What predictions can you make in regards to game development?

I foresee two dynamics in the close future of casual game development:

1) I predict an even stronger influence, in the creative process, of metrics (user-metrics, telemetry, biometrics) and scientific approaches to the understanding of user experience. Game design / interface design and community management will be increasingly structured and refined with the aid of sophisticated and reliable statistical methods.

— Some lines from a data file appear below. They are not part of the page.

(* Let $\{X_k(m): m\in\mathbb{R}_+,\ k\in\mathbb{N}\}$ be a family of integrable real random variables, independent in $k$, satisfying (C) $\mathbb{E}[X_k(m)]=0$ for all $m,k$; (W1) for every $\varepsilon>0$, $\lim_{m\to\infty}\sup_k\mathbb P(|X_k(m)|>\varepsilon)=0$; (W2) $\lim_{A\to\infty}\sup_{k,m}\mathbb E\big[|X_k(m)|\mathbf 1_{\{|X_k(m)|>A\}}\big]=0$. Let $(m_k)_{k\in\mathbb N}$ be positive reals with $\sum_k m_k=\infty$, $M_n=\sum_{k=1}^n m_k$, fix $K>0$, and for $1\le k\le n$ let $Y_k(m_k)=X_k(m_k)\mathbf 1_{\{|X_k(m_k)|<M_n/m_k\}}\mathbf 1_{\{m_k<K\}}$ (depending on $n$). Then $\lim_{n\to\infty}\max_{1\le k\le n}\frac{M_n}{m_k}\mathbb P\big(|X_k(m_k)|\mathbf 1_{\{m_k<K\}}\ge \tfrac{M_n}{m_k}\big)=0$ and $\lim_{n\to\infty}\max_{1\le k\le n}\frac{m_k}{M_n}\mathbb E[Y_k(m_k)^2]=0.$
   Context: "Independent in $k$" means the families $\{X_k(m):m\in\mathbb R_+\}$ for different $k$ are independent. *)

theory Defs
  imports "HOL-Probability.Probability"
begin

end

theory Submission
  imports Defs
begin

text \<open>Only the uniform integrability (W2) of the family is needed. For \<open>m\<^sub>k < K\<close> the
  truncation level \<open>a = M\<^sub>n / m\<^sub>k\<close> exceeds \<open>M\<^sub>n / K \<rightarrow> \<infinity>\<close>, uniformly in \<open>k \<le> n\<close>. A Markov
  argument gives \<open>a P(|X| \<ge> a) \<le> E[|X|; |X| > A]\<close> for every \<open>A < a\<close>, and splitting at a
  level \<open>B\<close> gives \<open>E[(X 1{|X| < a})\<^sup>2] / a \<le> B\<^sup>2 / a + E[|X|; |X| > B]\<close>; both right-hand sides
  are small once \<open>A\<close>, \<open>B\<close> are chosen by uniform integrability and then \<open>n\<close> is large.\<close>

definition tail_expectation :: "'a measure \<Rightarrow> ('a \<Rightarrow> real) \<Rightarrow> real \<Rightarrow> real" where
  "tail_expectation M f A = (\<integral>\<omega>. \<bar>f \<omega>\<bar> * indicator {\<omega>. \<bar>f \<omega>\<bar> > A} \<omega> \<partial>M)"

definition uniformly_integrable :: "'a measure \<Rightarrow> ('i \<Rightarrow> 'a \<Rightarrow> real) \<Rightarrow> 'i set \<Rightarrow> bool" where
  "uniformly_integrable M X I \<longleftrightarrow>
     (\<forall>e>0. \<forall>\<^sub>F A in at_top. \<forall>i\<in>I. tail_expectation M (X i) A < e)"

lemma integrable_tail:
  fixes f :: "'a \<Rightarrow> real"
  assumes "integrable M f"
  shows "integrable M (\<lambda>\<omega>. \<bar>f \<omega>\<bar> * indicator {\<omega>. \<bar>f \<omega>\<bar> > A} \<omega>)"
proof (rule Bochner_Integration.integrable_bound[OF integrable_abs[OF assms]])
  show "(\<lambda>\<omega>. \<bar>f \<omega>\<bar> * indicator {\<omega>. \<bar>f \<omega>\<bar> > A} \<omega>) \<in> borel_measurable M"
    using borel_measurable_integrable[OF assms] by measurable
qed (auto simp: indicator_def)

lemma markov_tail_expectation:
  fixes f :: "'a \<Rightarrow> real"
  assumes f: "integrable M f" and "A < a"
  shows "a * measure M {\<omega>\<in>space M. a \<le> \<bar>f \<omega>\<bar>} \<le> tail_expectation M f A"
proof -
  have "a * measure M {\<omega>\<in>space M. a \<le> \<bar>f \<omega>\<bar>} = (\<integral>\<omega>. a * indicator {\<omega>. a \<le> \<bar>f \<omega>\<bar>} \<omega> \<partial>M)"
    by (simp add: Int_def conj_commute)
  also have "\<dots> \<le> tail_expectation M f A"
    unfolding tail_expectation_def
    by (rule integral_mono'[OF integrable_tail[OF f]]) (use \<open>A < a\<close> in \<open>auto simp: indicator_def\<close>)
  finally show ?thesis .
qed

lemma (in prob_space) truncated_second_moment_le:
  fixes f :: "'a \<Rightarrow> real"
  assumes f: "integrable M f" and "0 \<le> a"
  shows "(\<integral>\<omega>. (f \<omega> * indicator {\<omega>. \<bar>f \<omega>\<bar> < a} \<omega>)\<^sup>2 \<partial>M) \<le> B\<^sup>2 + a * tail_expectation M f B"
proof -
  have pointwise: "(f \<omega> * indicator {\<omega>. \<bar>f \<omega>\<bar> < a} \<omega>)\<^sup>2
      \<le> B\<^sup>2 + a * (\<bar>f \<omega>\<bar> * indicator {\<omega>. \<bar>f \<omega>\<bar> > B} \<omega>)" for \<omega>
  proof (cases "\<bar>f \<omega>\<bar> < a")
    case True
    then have "(f \<omega>)\<^sup>2 \<le> a * \<bar>f \<omega>\<bar>"
      by (metis abs_ge_zero abs_mult_self_eq less_imp_le mult_right_mono power2_eq_square)
    moreover have "(f \<omega>)\<^sup>2 \<le> B\<^sup>2" if "\<bar>f \<omega>\<bar> \<le> B"
      using that by (metis abs_ge_zero abs_le_square_iff abs_of_nonneg order_trans)
    ultimately show ?thesis
      using True by (cases "\<bar>f \<omega>\<bar> > B") (auto simp: indicator_def add_increasing)
  qed (use \<open>0 \<le> a\<close> in \<open>auto simp: indicator_def\<close>)
  have "(\<integral>\<omega>. (f \<omega> * indicator {\<omega>. \<bar>f \<omega>\<bar> < a} \<omega>)\<^sup>2 \<partial>M)
      \<le> (\<integral>\<omega>. B\<^sup>2 + a * (\<bar>f \<omega>\<bar> * indicator {\<omega>. \<bar>f \<omega>\<bar> > B} \<omega>) \<partial>M)"
    using integrable_tail[OF f] \<open>0 \<le> a\<close> pointwise
    by (intro integral_mono') auto
  also have "\<dots> = B\<^sup>2 + a * tail_expectation M f B"
    using integrable_tail[OF f] by (simp add: tail_expectation_def prob_space)
  finally show ?thesis .
qed

lemma (in prob_space) truncated_second_moment_div_less:
  fixes f :: "'a \<Rightarrow> real"
  assumes f: "integrable M f" and tail: "tail_expectation M f B < r / 2"
    and "r > 0" and a: "2 * B\<^sup>2 / r < a"
  shows "(\<integral>\<omega>. (f \<omega> * indicator {\<omega>. \<bar>f \<omega>\<bar> < a} \<omega>)\<^sup>2 \<partial>M) / a < r"
proof -
  have "0 \<le> 2 * B\<^sup>2 / r" using \<open>r > 0\<close> by simp
  with a have "a > 0" by linarith
  from a have "B\<^sup>2 < a * (r / 2)" using \<open>r > 0\<close> by (simp add: field_simps)
  moreover have "(\<integral>\<omega>. (f \<omega> * indicator {\<omega>. \<bar>f \<omega>\<bar> < a} \<omega>)\<^sup>2 \<partial>M) \<le> B\<^sup>2 + a * tail_expectation M f B"
    using \<open>a > 0\<close> by (intro truncated_second_moment_le f) simp
  moreover have "a * tail_expectation M f B < a * (r / 2)"
    using tail \<open>a > 0\<close> by (rule mult_strict_left_mono)
  ultimately have "(\<integral>\<omega>. (f \<omega> * indicator {\<omega>. \<bar>f \<omega>\<bar> < a} \<omega>)\<^sup>2 \<partial>M) < a * r" by linarith
  with \<open>a > 0\<close> show ?thesis by (simp add: pos_divide_less_eq mult.commute)
qed

lemma uniformly_integrable_if_SUP_tail_tendsto_zero:
  assumes "((\<lambda>A. SUP i\<in>I. ereal (tail_expectation M (X i) A)) \<longlongrightarrow> 0) at_top"
  shows "uniformly_integrable M X I"
  unfolding uniformly_integrable_def
proof (intro allI impI)
  fix e :: real assume "e > 0"
  then have "\<forall>\<^sub>F A in at_top. (SUP i\<in>I. ereal (tail_expectation M (X i) A)) < ereal e"
    using order_tendstoD(2)[OF assms] by simp
  then show "\<forall>\<^sub>F A in at_top. \<forall>i\<in>I. tail_expectation M (X i) A < e"
    by eventually_elim (use SUP_lessD in fastforce)
qed

lemma uniformly_integrable_reindex:
  assumes "uniformly_integrable M X I" and "g ` J \<subseteq> I"
  shows "uniformly_integrable M (\<lambda>j. X (g j)) J"
  using assms unfolding uniformly_integrable_def by (fast elim!: eventually_mono)

lemma uniformly_integrableE:
  assumes "uniformly_integrable M X I" and "e > 0"
  obtains A where "\<And>i. i \<in> I \<Longrightarrow> tail_expectation M (X i) A < e"
  using assms unfolding uniformly_integrable_def eventually_at_top_linorder by blast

2) I believe that the democratization of production technologies and the booming cultural popularity of casual video games and casual video game development will lead to a general decrease in the perceived economic value of video games. As a consequence, the majority of casual game developers (at least the independent ones) will find it progressively harder to make a living out of conjuring small games. I believe the casual sector will polarize around a few dominating (and science-driven) companies and an army of independent developers which will struggle to survive combining a no-longer economically viable game development practice with other activities (teaching, coding for other industries, freelancing for big companies, etc.). In other words, the diffusion of middleware and know-how will preclude the possibility to independently develop entertainment software as a profession.

This is how I see the future of the casual sector of our industry, thank you for your questions and for following this coiling snake of words until here, in case you did.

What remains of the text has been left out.